Globalization along with the boom of the internet era has led to the exponential growth of the eCommerce sector in the past two decades. The growth of the eCommerce sector has in turn become a catalyst for the growth of the economy as a whole. The impact that the internet has on the industry structure, as well as the competitive forces in the market, are as explained below:
- There is an increased rivalry among the existing competitors. As there is no geographical limitation for a virtual marketplace, the competitors can be from anywhere across the globe. This has led to a considerable increase in the number of competitors when it comes to eCommerce.
- The bargaining power of buyers has increased. There are quite a lot of products available in the market for a wide range of prices. This is because of a huge reduction in the switching cost and the powerful channels existing in the chain have also been removed.
- The bargaining power of the suppliers has also increased. Suppliers now do not have to depend on the wholesalers or manufacturers to get a deal to supply the products or raw materials. The internet has made it possible for the suppliers to come closer to the customers and the procurement process has also become easier.
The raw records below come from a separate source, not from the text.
lemma sum_cross_le_nonadjacent:
  fixes y :: "'a \<Rightarrow> real" and R :: "'a \<Rightarrow> 'a \<Rightarrow> bool"
  assumes finA: "finite A" and finB: "finite B" and sum0: "(\<Sum>a\<in>A. y a) = 0"
  shows "2 * (\<Sum>a\<in>A. \<Sum>b\<in>B. if R a b then y a * y b else 0)
    \<le> (\<Sum>a\<in>A. (y a)\<^sup>2 * real (card {b\<in>B. \<not> R a b}))
      + (\<Sum>b\<in>B. (y b)\<^sup>2 * real (card {a\<in>A. \<not> R a b}))"
proof -
  define N where "N a b = (if R a b then 0 else y a * y b)" for a b
  have "(\<Sum>a\<in>A. \<Sum>b\<in>B. if R a b then y a * y b else 0) = (\<Sum>a\<in>A. \<Sum>b\<in>B. y a * y b - N a b)"
    unfolding N_def by (intro sum.cong) auto
  also have "\<dots> = (\<Sum>a\<in>A. y a) * (\<Sum>b\<in>B. y b) - (\<Sum>a\<in>A. \<Sum>b\<in>B. N a b)"
    by (simp add: sum_subtractf sum_product)
  finally have "2 * (\<Sum>a\<in>A. \<Sum>b\<in>B. if R a b then y a * y b else 0) = (\<Sum>a\<in>A. \<Sum>b\<in>B. - 2 * N a b)"
    using sum0 by (simp add: sum_distrib_left sum_negf)
  also have "\<dots> \<le> (\<Sum>a\<in>A. \<Sum>b\<in>B. (if R a b then 0 else (y a)\<^sup>2) + (if R a b then 0 else (y b)\<^sup>2))"
  proof (intro sum_mono)
    fix a b
    have "0 \<le> (y a + y b)\<^sup>2" by simp
    then show "- 2 * N a b \<le> (if R a b then 0 else (y a)\<^sup>2) + (if R a b then 0 else (y b)\<^sup>2)"
      unfolding N_def by (simp add: power2_eq_square algebra_simps)
  qed
  also have "\<dots> = (\<Sum>a\<in>A. (y a)\<^sup>2 * real (card {b\<in>B. \<not> R a b}))
      + (\<Sum>b\<in>B. (y b)\<^sup>2 * real (card {a\<in>A. \<not> R a b}))"
    using sum.swap[of "\<lambda>a b. if R a b then 0 else (y b)\<^sup>2" B A]
    by (simp add: sum.distrib sum_if_zero_const[OF finB] sum_if_zero_const[OF finA])
  finally show ?thesis .
qed

lemma norm_adjacency_form_le_bipartite:
  assumes fin: "finite (fst G)" and part: "A \<union> B = fst G" "A \<inter> B = {}"
    and bip: "\<And>u w. u \<in> fst G \<Longrightarrow> w \<in> fst G \<Longrightarrow> {u, w} \<in> snd G \<Longrightarrow> u \<in> A \<longleftrightarrow> w \<in> B"
    and deg: "\<And>v. v \<in> fst G \<Longrightarrow> gdeg G v > 0"
    and missA: "\<And>a. a \<in> A \<Longrightarrow> real (card {b\<in>B. {a, b} \<notin> snd G}) \<le> \<eta> * real (gdeg G a)"
    and missB: "\<And>b. b \<in> B \<Longrightarrow> real (card {a\<in>A. {a, b} \<notin> snd G}) \<le> \<eta> * real (gdeg G b)"
    and orth: "(\<Sum>a\<in>A. f a / sqrt (real (gdeg G a))) = 0"
  shows "(\<Sum>v\<in>fst G. \<Sum>w\<in>fst G. f v * f w * norm_adjacency G v w) \<le> \<eta> * (\<Sum>v\<in>fst G. (f v)\<^sup>2)"
proof -
  define y where "y v = f v / sqrt (real (gdeg G v))" for v
  define T where "T v w = (if {v, w} \<in> snd G then y v * y w else 0)" for v w
  have finA: "finite A" and finB: "finite B" using fin part by (metis finite_Un)+
  have T_sym: "T v w = T w v" for v w unfolding T_def by (simp add: insert_commute mult.commute)
  have no_inner: "T v w = 0" if "v \<in> A \<and> w \<in> A \<or> v \<in> B \<and> w \<in> B" for v w
  proof -
    have "v \<in> fst G" "w \<in> fst G" "\<not> (v \<in> A \<longleftrightarrow> w \<in> B)" using that part by auto
    then show ?thesis using bip[of v w] unfolding T_def by auto
  qed
  have A0: "(\<Sum>w\<in>A. T a w) = 0" if "a \<in> A" for a using that no_inner by (intro sum.neutral) auto
  have B0: "(\<Sum>w\<in>B. T b w) = 0" if "b \<in> B" for b using that no_inner by (intro sum.neutral) auto
  have "(\<Sum>v\<in>fst G. \<Sum>w\<in>fst G. f v * f w * norm_adjacency G v w) = (\<Sum>v\<in>A \<union> B. \<Sum>w\<in>A \<union> B. T v w)"
    unfolding part using deg
    by (intro sum.cong refl) (simp add: T_def y_def norm_adjacency_def real_sqrt_mult)
  also have "\<dots> = (\<Sum>a\<in>A. \<Sum>b\<in>B. T a b) + (\<Sum>b\<in>B. \<Sum>a\<in>A. T b a)"
    by (simp add: sum.union_disjoint[OF finA finB part(2)] sum.distrib A0 B0)
  also have "(\<Sum>b\<in>B. \<Sum>a\<in>A. T b a) = (\<Sum>a\<in>A. \<Sum>b\<in>B. T a b)"
    by (subst sum.swap) (intro sum.cong refl T_sym)
  also have "(\<Sum>a\<in>A. \<Sum>b\<in>B. T a b) + (\<Sum>a\<in>A. \<Sum>b\<in>B. T a b)
      \<le> (\<Sum>a\<in>A. (y a)\<^sup>2 * real (card {b\<in>B. {a, b} \<notin> snd G}))
        + (\<Sum>b\<in>B. (y b)\<^sup>2 * real (card {a\<in>A. {a, b} \<notin> snd G}))"
    using sum_cross_le_nonadjacent[OF finA finB, of y "\<lambda>a b. {a, b} \<in> snd G"] orth
    unfolding T_def y_def by simp
  also have "\<dots> \<le> (\<Sum>a\<in>A. \<eta> * (f a)\<^sup>2) + (\<Sum>b\<in>B. \<eta> * (f b)\<^sup>2)"
  proof (intro add_mono sum_mono)
    have scaled: "(y v)\<^sup>2 * k \<le> \<eta> * (f v)\<^sup>2" if "v \<in> fst G" "k \<le> \<eta> * real (gdeg G v)" for v k
    proof -
      have "(y v)\<^sup>2 * k \<le> (y v)\<^sup>2 * (\<eta> * real (gdeg G v))" using that(2) by (rule mult_left_mono) simp
      also have "\<dots> = \<eta> * (f v)\<^sup>2" using deg[OF that(1)] by (simp add: y_def power_divide)
      finally show ?thesis .
    qed
    show "(y a)\<^sup>2 * real (card {b\<in>B. {a, b} \<notin> snd G}) \<le> \<eta> * (f a)\<^sup>2" if "a \<in> A" for a
      using scaled missA that part by blast
    show "(y b)\<^sup>2 * real (card {a\<in>A. {a, b} \<notin> snd G}) \<le> \<eta> * (f b)\<^sup>2" if "b \<in> B" for b
      using scaled missB that part by blast
  qed
  also have "\<dots> = \<eta> * (\<Sum>v\<in>fst G. (f v)\<^sup>2)"
    unfolding part(1)[symmetric] using finA finB part(2)
    by (simp add: sum.union_disjoint distrib_left sum_distrib_left)
  finally show ?thesis .
qed

lemma spectral_gap_gt_dense_bipartite:
  assumes fin: "finite (fst G)" and nonempty: "fst G \<noteq> {}"
    and part: "A \<union> B = fst G" "A \<inter> B = {}"
    and bip: "\<And>u w. u \<in> fst G \<Longrightarrow> w \<in> fst G \<Longrightarrow> {u, w} \<in> snd G \<Longrightarrow> u \<in> A \<longleftrightarrow> w \<in> B"
    and deg: "\<And>v. v \<in> fst G \<Longrightarrow> gdeg G v > 0"
    and missA: "\<And>a. a \<in> A \<Longrightarrow> real (card {b\<in>B. {a, b} \<notin> snd G}) \<le> \<eta> * real (gdeg G a)"
    and missB: "\<And>b. b \<in> B \<Longrightarrow> real (card {a\<in>A. {a, b} \<notin> snd G}) \<le> \<eta> * real (gdeg G b)"
    and \<eta>\<delta>: "\<eta> < \<delta>"
  shows "spectral_gap G > 1 - \<delta>"
proof -
  define n where "n = card (fst G)"
  \<comment> \<open>orthogonality to \<open>u\<close> cancels the complete bipartite part of the adjacency form\<close>
  define u where "u = vertex_vec G (\<lambda>v. if v \<in> A then 1 / sqrt (real (gdeg G v)) else 0)"
  have L: "norm_laplacian G \<in> carrier_mat n n" unfolding n_def by (rule norm_laplacian_carrier)
  have u: "u \<in> carrier_vec n" unfolding u_def n_def vertex_vec_def by simp
  have "x \<bullet> (norm_laplacian G *\<^sub>v x) > (1 - \<delta>) * (x \<bullet> x)"
    if x: "x \<in> carrier_vec n" "x \<noteq> 0\<^sub>v n" "u \<bullet> x = 0" for x
  proof -
    obtain f where xf: "x = vertex_vec G f" using vertex_vec_surj[OF fin] x(1) unfolding n_def by blast
    have "u \<bullet> x = (\<Sum>v\<in>fst G. if v \<in> A then f v / sqrt (real (gdeg G v)) else 0)"
      unfolding u_def xf scalar_prod_vertex_vec[OF fin] by (intro sum.cong) auto
    also have "\<dots> = (\<Sum>a\<in>A. f a / sqrt (real (gdeg G a)))"
    proof -
      have "fst G \<inter> A = A" using part by blast
      then show ?thesis
        using sum.inter_restrict[OF fin, of "\<lambda>a. f a / sqrt (real (gdeg G a))" A] by simp
    qed
    finally have orth: "(\<Sum>a\<in>A. f a / sqrt (real (gdeg G a))) = 0" using x(3) by simp
    have xx: "x \<bullet> x = (\<Sum>v\<in>fst G. (f v)\<^sup>2)"
      unfolding xf scalar_prod_vertex_vec[OF fin] by (simp add: power2_eq_square)
    have "(1 - \<delta>) * (x \<bullet> x) < (1 - \<eta>) * (x \<bullet> x)"
      using scalar_prod_self_pos_real[OF x(1,2)] \<eta>\<delta> by (intro mult_strict_right_mono) auto
    also have "\<dots> \<le> x \<bullet> (norm_laplacian G *\<^sub>v x)"
      using norm_adjacency_form_le_bipartite[OF fin part bip deg missA missB orth]
      unfolding xx unfolding xf norm_laplacian_form[OF fin] by (simp add: algebra_simps)
    finally show ?thesis .
  qed
  moreover have "poly (char_poly (norm_laplacian G)) 0 = 0"
    by (rule norm_laplacian_root_0[OF fin nonempty deg])
  moreover have "poly (char_poly (norm_laplacian G)) 2 = 0"
    by (rule norm_laplacian_root_2[OF fin nonempty part bip deg])
  ultimately show ?thesis
    unfolding spectral_gap_def
    by (intro sorted_eigenvalues_second_gt[OF L norm_laplacian_symmetric u, of "1 - \<delta>" 0 2]) auto
qed

definition labelled_graph :: "nat \<Rightarrow> (nat \<Rightarrow> side) \<Rightarrow> (nat \<times> nat \<Rightarrow> bool) \<Rightarrow> graph" where
  "labelled_graph N lab c = (let V = {i. i < N \<and> lab i \<noteq> Out}
     in (V, {{i, j} | i j. (i, j) \<in> pairs_below N \<and> c (i, j) \<and> i \<in> V \<and> j \<in> V}))"

section \<open>The labelled graph\<close>

lemma side_neq_Out_iff: "x \<noteq> Out \<longleftrightarrow> x = SideA \<or> x = SideB"
  by (cases x) simp_all

definition opposite_side :: "nat \<Rightarrow> (nat \<Rightarrow> side) \<Rightarrow> nat \<Rightarrow> nat set" where
  "opposite_side N lab v = {w. w < N \<and> lab w \<noteq> Out \<and> lab w \<noteq> lab v}"

lemma opposite_side_SideA: "lab v = SideA \<Longrightarrow> opposite_side N lab v = {i. i < N \<and> lab i = SideB}"
  and opposite_side_SideB: "lab v = SideB \<Longrightarrow> opposite_side N lab v = {i. i < N \<and> lab i = SideA}"
  by (auto simp: opposite_side_def side_neq_Out_iff)

lemma fst_labelled_graph: "fst (labelled_graph N lab c) = {i. i < N \<and> lab i \<noteq> Out}"
  unfolding labelled_graph_def Let_def by simp

lemma H_graph_eq_bind_labelled_graph:
  "H_graph N pA pB peA peB peAB =
     bind_pmf (Pi_pmf {..<N} Out (\<lambda>_. side_pmf pA pB))
       (\<lambda>lab. map_pmf (labelled_graph N lab) (Pi_pmf (pairs_below N) False
                 (\<lambda>ij. bernoulli_pmf (edge_prob lab peA peB peAB ij))))"
  unfolding H_graph_def labelled_graph_def Let_def map_pmf_def by simp

lemma labelled_graph_adjacent_iff:
  assumes "u \<in> fst (labelled_graph N lab c)" and "v \<in> fst (labelled_graph N lab c)"
  shows "{u, v} \<in> snd (labelled_graph N lab c) \<longleftrightarrow> u \<noteq> v \<and> c (min u v, max u v)"
proof
  assume "{u, v} \<in> snd (labelled_graph N lab c)"
  then obtain i j where "{u, v} = {i, j}" "i < j" "c (i, j)"
    unfolding labelled_graph_def Let_def pairs_below_def by auto
  then show "u \<noteq> v \<and> c (min u v, max u v)" by (auto simp: doubleton_eq_iff)
next
  assume uv: "u \<noteq> v \<and> c (min u v, max u v)"
  have minmax: "min u v \<in> {u, v}" "max u v \<in> {u, v}" "{u, v} = {min u v, max u v}"
    by (auto simp: min_def max_def)
  have "(min u v, max u v) \<in> pairs_below N"
    using assms uv unfolding fst_labelled_graph pairs_below_def by (auto simp: min_def max_def)
  moreover have "min u v \<in> fst (labelled_graph N lab c)" "max u v \<in> fst (labelled_graph N lab c)"
    using assms by (simp_all add: min_def max_def)
  ultimately show "{u, v} \<in> snd (labelled_graph N lab c)"
    using uv minmax(3) unfolding labelled_graph_def Let_def prod.sel by blast
qed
- The barriers to entry have been drastically decreased. Any company or manufacturer willing to sell their product can do it so easier with the help of the internet. There is no significant barrier to entry present in the current market structure.
- Threats to substitutes have increased considerably. As discussed before, there are a lot of sellers available on the internet who offer the same product or close-enough substitutes. Because of this, customers switch from one company to another without giving it much thought.
- Disintermediation: eCommerce has eliminated traditional intermediaries in the supply chain, such as wholesalers and retailers. This has led to a reduction in cost and increased efficiency in the production and delivery of goods and services.
- Disruption of Traditional Business Models: The Internet has disrupted many traditional business models. Many businesses that ignored the digital revolution have faced severe challenges in meeting changing customer needs and adapting to new challenges.
E-commerce and e-Business are similar but not synonymous. E-commerce narrowly refers to buying and selling products online, whereas e-business defines a wider range of business processes, including supply chain management, electronic order processing and customer relationship management, designed to help companies operate more effectively and efficiently. E-commerce therefore should be considered a subset of e-business.
E-commerce describes any part of the business processes associated with online ordering and purchasing. An e-commerce transaction, for example, would be a customer ordering online and picking up the product at the brick-and-mortar store. By contrast, e-business processes can be handled in-house through a company's internal network or outsourced to providers that specialize in specific parts of the transaction.
IT business analysts can interpret working data, analyse key metrics, gauge the implications of changes in the supply chain environment and share these insights with senior management and other employees. They can also develop new processes based on the needs of relevant stakeholders.
Information is built on the automation process: today, to automate also means to ‘informate’. The automatic collection of data enables the recording of many more details. So automating the front end of a business provides an opportunity in the back end of the business to make better decisions with the information gathered.